## What to produce
Using the records below, filter for lines that contain the string "blambda" and copy them out.

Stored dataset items
+++

(* There exists a recursive coloring function $c_0:\mathbb{N}\rightarrow \{0,1\}^2$ such that for every infinite set $A\subseteq\mathbb{Z}^+$ that does not have weak apartness, $FS^{\leq 2}(A)$ is not monochromatic under $c_0$ (i.e. $A$ is not a solution to $c_0$ for $\mathrm{HT}^{\leq 2}$).
   Context: For $x=\sum_{i=0}^{k}2^{n_i}\in\mathbb{Z}^+$ with $n_0<\cdots<n_k$, set $\mu(x)=n_k$ and $\lambda(x)=n_0$. For each $n$, $B^n=\{x\in\mathbb{Z}^+:\mu(x)=n\}$. A set $A$ has weak apartness if for every natural number $m$, $B^m\cap A$ has at most one element, and for every natural number $l$, there are at most two $x\in A$ with $\lambda(x)=l$. $FS^{\leq 2}(A)=\{\sum_{x\in F}x: F\subseteq A,\ F\text{ nonempty},\ |F|\leq 2\}$. *)

theory Defs
  imports Main
begin

fun PR :: "(nat list \<Rightarrow> nat) \<Rightarrow> (nat list \<Rightarrow> nat) \<Rightarrow> nat list \<Rightarrow> nat" where
  "PR g h [] = 0"
| "PR g h (0 # xs) = g xs"
| "PR g h (Suc y # xs) = h (PR g h (y # xs) # y # xs)"

inductive recfn :: "nat \<Rightarrow> (nat list \<Rightarrow> nat) \<Rightarrow> bool" where
  zero: "recfn n (\<lambda>_. 0)"
| succ: "recfn 1 (\<lambda>xs. Suc (hd xs))"
| proj: "i < n \<Longrightarrow> recfn n (\<lambda>xs. xs ! i)"
| comp: "recfn m f \<Longrightarrow> length gs = m \<Longrightarrow> (\<forall>g\<in>set gs. recfn n g)
          \<Longrightarrow> recfn n (\<lambda>xs. f (map (\<lambda>g. g xs) gs))"
| prim: "recfn n g \<Longrightarrow> recfn (Suc (Suc n)) h \<Longrightarrow> recfn (Suc n) (PR g h)"
| mu: "recfn (Suc n) g \<Longrightarrow> (\<forall>xs. length xs = n \<longrightarrow> (\<exists>y. g (y # xs) = 0))
          \<Longrightarrow> recfn n (\<lambda>xs. LEAST y. g (y # xs) = 0)"

definition computable :: "(nat \<Rightarrow> nat) \<Rightarrow> bool" where
  "computable c \<longleftrightarrow> (\<exists>f. recfn 1 f \<and> (\<forall>x. c x = f [x]))"

text \<open>Colours in {0,1}^2 are pairs of booleans, coded as numbers 0..3 for computability.\<close>
definition code2 :: "bool \<times> bool \<Rightarrow> nat" where
  "code2 p = 2 * of_bool (fst p) + of_bool (snd p)"

definition recursive_coloring :: "(nat \<Rightarrow> bool \<times> bool) \<Rightarrow> bool" where
  "recursive_coloring c \<longleftrightarrow> computable (\<lambda>x. code2 (c x))"

text \<open>For x = sum of 2^(n_i), n_0<...<n_k: mu x = n_k, lambda x = n_0 (x > 0).\<close>
definition bmu :: "nat \<Rightarrow> nat" where
  "bmu x = Max {n. bit x n}"

definition blambda :: "nat \<Rightarrow> nat" where
  "blambda x = Min {n. bit x n}"

definition Bblock :: "nat \<Rightarrow> nat set" where
  "Bblock n = {x. 0 < x \<and> bmu x = n}"

definition weak_apart :: "nat set \<Rightarrow> bool" where
  "weak_apart A \<longleftrightarrow>
     (\<forall>m. finite (Bblock m \<inter> A) \<and> card (Bblock m \<inter> A) \<le> 1) \<and>
     (\<forall>l. finite {x\<in>A. blambda x = l} \<and> card {x\<in>A. blambda x = l} \<le> 2)"

definition FS2 :: "nat set \<Rightarrow> nat set" where
  "FS2 A = {\<Sum>F | F. F \<subseteq> A \<and> F \<noteq> {} \<and> finite F \<and> card F \<le> 2}"

definition monochromatic :: "(nat \<Rightarrow> 'c) \<Rightarrow> nat set \<Rightarrow> bool" where
  "monochromatic c S \<longleftrightarrow> (\<exists>col. \<forall>s\<in>S. c s = col)"

end

theory Submission
  imports Defs
begin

+++

## Response to the exercise
definition blambda :: "nat \<Rightarrow> nat" where
  "blambda x = Min {n. bit x n}"
     (\<forall>l. finite {x\<in>A. blambda x = l} \<and> card {x\<in>A. blambda x = l} \<le> 2)"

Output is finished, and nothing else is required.